Daszak’s organization, EcoHealth Alliance, had a federal grant that awarded a subcontract to the suspected laboratory, and Daszak was accused of withholding critical information about the possibility of a lab leak. President Donald Trump’s administration started maligning Daszak’s organization in 2020 and, in early 2025, banned both him as an individual and EcoHealth Alliance from receiving federal funding for five years. EcoHealth Alliance disbanded earlier this year.

Cohen says the lab leak hypothesis — which has been the subject of intense debate — warranted investigation. But, in his view, the virulent attack on the scientists who were investigated introduced a new threat that further imperils the world: “By relentlessly, viciously denigrating leading scientists who have devoted their careers to studying the forces that drive outbreaks and trying to prevent them from growing into pandemics, these critics increase the risk that experienced people will be forced to curtail or abandon their pandemic prevention research.”

Other pandemic problem-solvers are simply victims of the public’s panic/neglect cycle. One example: As Covid-19 rolled across the world, the U.S. government realized that face masks needed work. Some masks are much better than others at cutting down on the transmission of aerosols. And masks are only effective if they are used, which makes comfort and appearance important.

Many years before the pandemic, Richard Gordon and Min Xiao, a husband-and-wife team, had started a company, Air99, to develop an origami-inspired mask that could reduce the danger of breathing polluted air.
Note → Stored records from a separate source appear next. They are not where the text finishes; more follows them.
(* Let $T$ be a Borel automorphism of a separable metric space $(X,\rho)$ and let $\mathfrak{s}=\{h_1,\dots,h_n\}$ be a nontrivial primitive signature. Then for every $\varepsilon>0$ there exist Borel subsets $B_1,\dots,B_n\subset X$ such that: (1) the towers $\mathcal{R}_{h_i}[B_i]$, $i=1,\dots,n$, are full and pairwise disjoint; (2) $T$ maps the set $\bigcup_{i=1}^n\bar{\mathcal{R}}_{h_i}[B_i]$ bijectively onto itself; (3) for every $\mu\in M_{\mathrm{ap}}(X,T)$, $$\sum_{i=1}^n\mu\big(\bar{\mathcal{R}}_{h_i}[B_i]\big)=1,\qquad \sum_{i=1}^n\mu(B_i)<\tfrac12+\varepsilon.$$
   Context: A Borel automorphism is an invertible map with $T$ and $T^{-1}$ Borel measurable. $M_{\mathrm{ap}}(X,T)$ is the set of $T$-invariant Borel probability measures on $X$ giving measure zero to the set of $T$-periodic points. A signature is a finite nonempty set $\mathfrak{s}\subset\mathbb{N}$ of positive integers; it is primitive if its elements are jointly coprime, and trivial if $\mathfrak{s}=\{1\}$. For a Borel set $B\subset X$, the Rokhlin tower with base $B$ is the sequence of sets $B_0=B$, $B_k=TB_{k-1}\setminus B_0$ ($k\ge1$); for $h\in\mathbb{N}$ the tower $\mathcal{R}_h[B]$ of height $h$ consists of the levels $B_0,\dots,B_{h-1}$, and $\bar{\mathcal{R}}_h[B]=\bigcup_{k=0}^{h-1}B_k$. The tower $\mathcal{R}_h[B]$ is full if $B_k=T^kB$ for $k=0,\dots,h-1$ (and the levels are pairwise disjoint). Two towers are disjoint if their unions $\bar{\mathcal R}$ are disjoint. *)

theory Defs
  imports "HOL-Probability.Probability"
begin

definition borel_automorphism :: "('a::topological_space \<Rightarrow> 'a) \<Rightarrow> bool" where
  "borel_automorphism T \<longleftrightarrow> bij T \<and> T \<in> borel_measurable borel \<and> inv T \<in> borel_measurable borel"

definition periodic_points :: "('a \<Rightarrow> 'a) \<Rightarrow> 'a set" where
  "periodic_points T = {x. \<exists>n\<ge>1. (T ^^ n) x = x}"

definition M_ap :: "('a::topological_space \<Rightarrow> 'a) \<Rightarrow> 'a measure set" where
  "M_ap T = {M. prob_space M \<and> sets M = sets borel \<and>
              (\<forall>A\<in>sets borel. emeasure M (T -` A) = emeasure M A) \<and>
              periodic_points T \<in> null_sets M}"

definition signature :: "nat set \<Rightarrow> bool" where
  "signature s \<longleftrightarrow> finite s \<and> s \<noteq> {} \<and> 0 \<notin> s"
When the federal government launched the Mask Innovation Challenge, offering $500,000 in prize money to the mask that offered the best fit, function, and look, Air 99 jumped in.

Its product — Airgami, available in four sizes and various colorful designs aimed to appeal to everyone from Dead Heads to military enthusiasts— beat out 1,447 competitors when the winner was announced in November 2022. But the public’s enthusiasm for face masks was already waning and in November 2023, Air99 went out of business.
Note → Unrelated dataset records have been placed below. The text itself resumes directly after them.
(* For $\tau\in P\Lambda^{n-k,k}$ the map $\Psi_\tau(f)[B]=D(f)[1_{\pi^{-1}(B)}\tau] $ is given for $f\in\mathrm{Conv}(\mathbb{R}^n,\mathbb{R})\cap C^2(\mathbb{R}^n)$ by \begin{align*} \Psi_\tau(f)[B]=\int_{B}P_\tau(D^2f(x))d\mathrm{vol}_n(x)\quad\text{for all bounded Borel sets } B\subset\mathbb{R}^n. \end{align*}
   Context: $\mathrm{Conv}(\mathbb{R}^n,\mathbb{R})$ denotes the finite-valued convex functions on $\mathbb{R}^n$. $P\Lambda^{n-k,k}$ is the space of constant complex forms in $\Lambda^{n-k}\mathbb{R}^n\otimes\Lambda^k(\mathbb{R}^n)^*$ on $T^*\mathbb{R}^n=\mathbb{R}^n\times(\mathbb{R}^n)^*$ that are primitive ($\omega_s\wedge\tau=0$ for the symplectic form $\omega_s$); $\pi$ is the projection onto the first factor and $D(f)$ Fu's differential cycle. Extending $\tau$ $\mathbb{C}$-linearly to a constant holomorphic form on $\mathbb{C}^n\times(\mathbb{C}^n)^*$, $P_\tau$ is the polynomial on complex symmetric $(n\times n)$-matrices defined by $F_Q^*\tau=P_\tau(Q)dz_1\wedge\dots\wedge dz_n$, where $F_Q(z)=(z,z^TQ)$. *)

theory Defs
  imports "HOL-Analysis.Analysis"
begin

text \<open>Constant forms of degree n on T*R^n = R^n x (R^n)^* (both identified with real^'n),
  n = CARD('n), are represented as complex-valued functions of n-tuples of tangent vectors,
  the tuples being indexed by 'n.\<close>

type_synonym 'n form = "('n \<Rightarrow> ((real^'n) \<times> (real^'n))) \<Rightarrow> complex"

definition wedge1 :: "('i::finite \<Rightarrow> ('v \<Rightarrow> real)) \<Rightarrow> ('i \<Rightarrow> 'v) \<Rightarrow> real" where
  "wedge1 \<alpha> v = det (\<chi> a b. \<alpha> a (v b))"

definition xcov :: "((real^'n) \<times> (real^'n) \<Rightarrow> real) \<Rightarrow> bool" where
  "xcov a \<longleftrightarrow> linear a \<and> (\<forall>x y. a (x, y) = a (x, 0))"

definition ycov :: "((real^'n) \<times> (real^'n) \<Rightarrow> real) \<Rightarrow> bool" where
  "ycov a \<longleftrightarrow> linear a \<and> (\<forall>x y. a (x, y) = a (0, y))"

text \<open>A family of n real 1-forms, k of them on the second factor and n-k on the first one;
  their wedge is a decomposable form in Lambda^{n-k,k}.\<close>
definition bideg_family :: "nat \<Rightarrow> ('n::finite \<Rightarrow> ((real^'n) \<times> (real^'n) \<Rightarrow> real)) \<Rightarrow> bool" where
  "bideg_family k \<alpha> \<longleftrightarrow> (\<exists>K. card K = k \<and> (\<forall>c\<in>K. ycov (\<alpha> c)) \<and> (\<forall>c. c \<notin> K \<longrightarrow> xcov (\<alpha> c)))"

text \<open>The family dx_i, dy_i, alpha_1, ..., alpha_n; its wedge is dx_i wedge dy_i wedge alpha.\<close>
definition sympl_ext :: "'n \<Rightarrow> ('n \<Rightarrow> ((real^'n) \<times> (real^'n) \<Rightarrow> real))
    \<Rightarrow> 'n option option \<Rightarrow> ((real^'n) \<times> (real^'n) \<Rightarrow> real)" where
  "sympl_ext i \<alpha> a = (case a of None \<Rightarrow> (\<lambda>(x, y). x $ i)
                                | Some None \<Rightarrow> (\<lambda>(x, y). y $ i)
                                | Some (Some c) \<Rightarrow> \<alpha> c)"

text \<open>P Lambda^{n-k,k}: complex linear combinations of decomposable forms of bidegree (n-k,k)
  such that omega_s wedge tau = 0, where omega_s = sum_i dx_i wedge dy_i.\<close>
definition PLambda :: "nat \<Rightarrow> ('n::finite) form \<Rightarrow> bool" where
  "PLambda k \<tau> \<longleftrightarrow> (\<exists>(F :: nat set) (c :: nat \<Rightarrow> complex) \<alpha>.
      finite F \<and> (\<forall>j\<in>F. bideg_family k (\<alpha> j)) \<and>
      \<tau> = (\<lambda>v. \<Sum>j\<in>F. c j * complex_of_real (wedge1 (\<alpha> j) v)) \<and>
      (\<forall>w. (\<Sum>j\<in>F. c j * complex_of_real (\<Sum>i\<in>UNIV. wedge1 (sympl_ext i (\<alpha> j)) w)) = 0))"

text \<open>C-linear (multilinear) extension of tau to complex tangent vectors.\<close>
definition form_C :: "('n::finite) form \<Rightarrow> ('n \<Rightarrow> ((complex^'n) \<times> (complex^'n))) \<Rightarrow> complex" where
  "form_C \<tau> w = (\<Sum>S\<in>(UNIV :: 'n set set). \<i> ^ card S *
      \<tau> (\<lambda>c. if c \<in> S then ((\<chi> j. Im (fst (w c) $ j)), (\<chi> j. Im (snd (w c) $ j)))
               else ((\<chi> j. Re (fst (w c) $ j)), (\<chi> j. Re (snd (w c) $ j)))))"

text \<open>P_tau(Q): F_Q^* tau = P_tau(Q) dz_1 ... dz_n with F_Q(z) = (z, z^T Q).\<close>
definition P_tau :: "('n::finite) form \<Rightarrow> complex^'n^'n \<Rightarrow> complex" where
  "P_tau \<tau> Q = form_C \<tau> (\<lambda>c. (axis c 1, axis c 1 v* Q))"

text \<open>Subgradient, and the resolvent (I + subdifferential)^{-1} of a convex function.\<close>
definition subgrad :: "(real^'n \<Rightarrow> real) \<Rightarrow> real^'n \<Rightarrow> real^'n \<Rightarrow> bool" where
  "subgrad f x y \<longleftrightarrow> (\<forall>z. f x + y \<bullet> (z - x) \<le> f z)"

definition resolv :: "(real^'n \<Rightarrow> real) \<Rightarrow> real^'n \<Rightarrow> real^'n" where
  "resolv f u = (THE x. subgrad f x (u - x))"

definition jac_ae :: "(real^'n \<Rightarrow> real^'n) \<Rightarrow> real^'n \<Rightarrow> real^'n^'n" where
  "jac_ae g u = (if g differentiable (at u) then jacobian g (at u) else 0)"

text \<open>Fu's differential cycle D(f) of a convex f is the integration current over the graph
  {(x,y). y in subdiff f x} of the subdifferential, oriented by the projection to the
  x-space; we parametrise it (Minty) by u |-> (J u, u - J u), J = resolv f (Lipschitz).
  This is D(f)[1_{pi^{-1}(B)} tau].\<close>
definition Dcycle :: "(real^'n::finite \<Rightarrow> real) \<Rightarrow> 'n form \<Rightarrow> (real^'n) set \<Rightarrow> complex" where
  "Dcycle f \<tau> B = integral\<^sup>L lborel (\<lambda>u. indicator B (resolv f u) *
      \<tau> (\<lambda>c. (jac_ae (resolv f) u *v axis c 1, (mat 1 - jac_ae (resolv f) u) *v axis c 1)))"

definition Psi :: "'n form \<Rightarrow> (real^'n::finite \<Rightarrow> real) \<Rightarrow> (real^'n) set \<Rightarrow> complex" where
  "Psi \<tau> f B = Dcycle f \<tau> B"

end

theory Submission
  imports Defs
begin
“Planning Miracles” is one of many book-length wake-up calls, dating back at least to the early 1980s, about the threat of viral pandemics. Cohen gives a hat-tip to many of them, particularly praising “The Coming Plague: Newly Emerging Diseases in a World Out of Balance,” published in 1994, in which Laurie Garrett warned that HIV should be seen not as a public health aberration but a possible “sign of things to come.” And Cohen cites a different perspective — Donald G. McNeil Jr.’s recent “The Wisdom of Plagues: Lessons from 25 Years of Covering Pandemics” — because it details the social factors, including political opportunism and ill-informed media, that damaged the world’s response to Covid-19.
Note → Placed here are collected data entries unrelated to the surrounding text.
lemma balanced_iff_walsh_zero: "balanced n f \<longleftrightarrow> walsh n f (replicate n False) = 0"
proof -
  have "walsh n f (replicate n False) * 2 ^ n
      = real (card {x\<in>cube n. \<not> f x}) - real (card {x\<in>cube n. f x})"
    using sum_split_by_value[OF finite_cube, where \<phi> = "\<lambda>b x. chi b" and h = f]
    by (simp add: walsh_eq_sum_chi)
  then have "walsh n f (replicate n False) = 0 \<longleftrightarrow> card {x\<in>cube n. \<not> f x} = card {x\<in>cube n. f x}"
    by auto
  then show ?thesis
    using card_true_plus_card_false[of n f] unfolding balanced_def by linarith
qed

lemma sum_walsh: "(\<Sum>a\<in>cube n. walsh n f a) = chi (f (replicate n False))"
proof -
  have "(\<Sum>a\<in>cube n. walsh n f a) = (\<Sum>a\<in>cube n. \<Sum>x\<in>cube n. chi (f x) * chi (ip x a)) / 2 ^ n"
    by (simp add: walsh_eq_sum_chi sum_divide_distrib[symmetric])
  also have "\<dots> = (\<Sum>x\<in>cube n. chi (f x) * (\<Sum>a\<in>cube n. chi (ip a x))) / 2 ^ n"
    by (subst sum.swap) (simp add: sum_distrib_left ip_commute)
  also have "\<dots> = (\<Sum>x\<in>cube n. if x = replicate n False then chi (f x) * 2 ^ n else 0) / 2 ^ n"
    by (intro arg_cong[where f = "\<lambda>t. t / _"] sum.cong) (simp_all add: sum_chi_ip)
  also have "\<dots> = chi (f (replicate n False))"
    by (simp add: sum.delta)
  finally show ?thesis .
qed

lemma exists_walsh_nonzero: "\<exists>a\<in>cube n. walsh n f a \<noteq> 0"
  using sum_walsh[of n f] by (metis chi_def one_neq_zero sum.neutral neg_0_equal_iff_equal)

lemma max_walsh_sq_pos:
  assumes "\<forall>v\<in>cube n. (walsh n f v)\<^sup>2 \<le> (walsh n f \<beta>)\<^sup>2"
  shows "(walsh n f \<beta>)\<^sup>2 > 0"
proof -
  obtain a where "a \<in> cube n" "walsh n f a \<noteq> 0"
    using exists_walsh_nonzero by blast
  then show ?thesis
    using assms by (meson less_le_trans zero_less_power2)
qed

lemma min_entropy_eq_max_walsh_sq:
  assumes "M > 0" and "\<forall>a\<in>cube n. (walsh n f a)\<^sup>2 \<le> M"
    and "a0 \<in> cube n" and "(walsh n f a0)\<^sup>2 = M"
  shows "min_entropy n f = log 2 (1 / M)"
  unfolding min_entropy_def
proof (rule Min_eqI)
  show "finite {log 2 (1 / (walsh n f a)\<^sup>2) |a. a \<in> cube n \<and> (walsh n f a)\<^sup>2 \<noteq> 0}"
    by (rule finite_subset[where B = "(\<lambda>a. log 2 (1 / (walsh n f a)\<^sup>2)) ` cube n"]) auto
next
  fix y assume "y \<in> {log 2 (1 / (walsh n f a)\<^sup>2) |a. a \<in> cube n \<and> (walsh n f a)\<^sup>2 \<noteq> 0}"
  then obtain a where a: "a \<in> cube n" "(walsh n f a)\<^sup>2 \<noteq> 0" "y = log 2 (1 / (walsh n f a)\<^sup>2)"
    by auto
  then have "1 / M \<le> 1 / (walsh n f a)\<^sup>2"
    using assms(2) by (simp add: frac_le)
  then show "log 2 (1 / M) \<le> y"
    using a assms(1) by simp
qed (use assms in auto)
Cohen’s sprawling assessment of the prevention landscape makes a compelling case that the most essential weapon against future pandemics is the will to prevent them.

Cohen’s own contribution to the growing shelf of pandemic-related titles offers readers a glimmer of hope: “We have the brains and the technologies to better protect ourselves from zoonotic jumps, reducing their frequency, more quickly thwarting outbreaks that do occur, and responding more effectively to ones that become epidemics and pandemics,” he writes.

His sprawling assessment of the prevention landscape makes a compelling case that the most essential weapon against future pandemics is the will to prevent them. Among other things, that means a sustained effort to develop and stockpile vaccines for the most likely threats rather than using Operation Warp Speed — the vaccine-development push that Cohen calls a “daring mission that could well have failed” and that succeeded in part by pure luck — as a blueprint for future pandemics.

He reels off other possibilities that give him hope — among them, an internationally coordinated surveillance system, vaccines that work against entire families of viruses, antiviral drugs that work against multiple targets, and better masks — but argues that we are “playing footsie with pandemic prevention.”

“We know the way,” he writes. “We do not have the will.”